In addition there is talk of a tangent vector field ${\bf w}$ on $S$ which is given in the form $${\bf w}(u,v)=f(u,v){\bf x}_u+ g(u,v){\bf x}_v\ .$$ Its ${\mathbb R}^3$ components $W_i$ can be written as $$W_i(u,v)=f(u,v) x_{i.u}(u,v)+g(u,v)x_{i.v}(u,v)\qquad(1\leq i\leq 3)\ .$$ It is obvious that the smoothness of ${\bf x}(\cdot,\cdot)$, $f$, and $g$ implies the smoothness of the $W_i\>$. Conversely, assume that the $W_i$ are smooth. Then $(1)$ implies that the linear system $$\eqalign{f(u,v) x_{1.u}+g(u,v)x_{1.v}(u,v)&=W_1(u,v) \cr f(u,v) x_{2.u}+g(u,v)x_{2.v}(u,v)&=W_2(u,v) \cr}$$ can be solved for $f$ and $g$ and produces smooth functions $f$, $g:\>U\to{\mathbb R}$.
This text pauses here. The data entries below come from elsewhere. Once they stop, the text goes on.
lemma r_plus_ge_pericentre:
  assumes "0 \<le> q" "0 \<le> e" "e \<le> 1"
  shows "ereal q \<le> r_plus q e w"
proof (cases "1 + e * cos w = 0")
  case False
  have "\<bar>e * cos w\<bar> \<le> e"
    using assms abs_cos_le_one[of w] by (simp add: abs_mult mult_left_le)
  then have "0 < 1 + e * cos w" "1 + e * cos w \<le> 1 + e"
    using False assms(3) by (auto simp: abs_le_iff)
  then have "q \<le> q * (1 + e) / (1 + e * cos w)"
    using assms by (simp add: le_divide_eq mult_left_mono)
  then show ?thesis using False by (simp add: r_plus_def)
qed (simp add: r_plus_def)

lemma r_minus_ge_pericentre:
  assumes "0 \<le> q" "0 \<le> e" "e \<le> 1"
  shows "ereal q \<le> r_minus q e w"
  unfolding r_minus_eq_r_plus_reflect using assms by (rule r_plus_ge_pericentre)

text \<open>On the arc where \<open>cos w \<ge> t\<close>, the radius is dominated by that of the parabola
  (\<open>e = 1\<close>) through the endpoint \<open>cos w = t\<close>.\<close>
lemma r_plus_le_parabola:
  assumes "0 \<le> q" "0 \<le> e" "e \<le> 1" "-1 < t" "t \<le> cos w"
  shows "r_plus q e w \<le> ereal (2 * q / (1 + t))"
proof -
  have "cos w \<le> 1" by simp
  then have "0 \<le> (1 - cos w) * (1 - e)" using assms by simp
  then have "(1 + e) * (1 + cos w) \<le> 2 * (1 + e * cos w)" by (simp add: algebra_simps)
  then have "q * ((1 + e) * (1 + cos w)) \<le> q * (2 * (1 + e * cos w))"
    using assms by (intro mult_left_mono) auto
  moreover have pos: "0 < 1 + e * cos w"
  proof (cases "cos w \<le> 0")
    case True
    then have "e * - cos w \<le> - cos w" using assms by (intro mult_left_le_one_le) auto
    then show ?thesis using assms by linarith
  next
    case False
    then show ?thesis using assms by (simp add: add_pos_nonneg)
  qed
  ultimately have "q * (1 + e) / (1 + e * cos w) \<le> 2 * q / (1 + cos w)"
    using assms by (simp add: divide_simps algebra_simps)
  also have "\<dots> \<le> 2 * q / (1 + t)"
    using assms by (intro divide_left_mono) auto
  finally show ?thesis using pos by (simp add: r_plus_def)
qed

lemma abs_ereal_minus_ge:
  assumes "ereal q \<le> r"
  shows "ereal (q - a) \<le> \<bar>ereal a - r\<bar>"
  using assms by (cases r) auto

lemma abs_ereal_minus_le:
  assumes "ereal q \<le> r" "r \<le> ereal U"
  shows "\<bar>ereal a - r\<bar> \<le> ereal (max (a - q) (U - a))"
proof (cases r)
  case (real x)
  then have "\<bar>a - x\<bar> \<le> max (a - q) (U - a)" using assms by auto
  then show ?thesis using real by (auto simp: max_def)
qed (use assms in auto)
But note that the $W_i$ cannot be described independently. Together they have to fulfill the condition $\sum_{i=1}^3 n_i(u,v) W_i(u,v)\equiv0$, in order to make sure that the vector field ${\bf w}$ is indeed tangent to $S$ at all points.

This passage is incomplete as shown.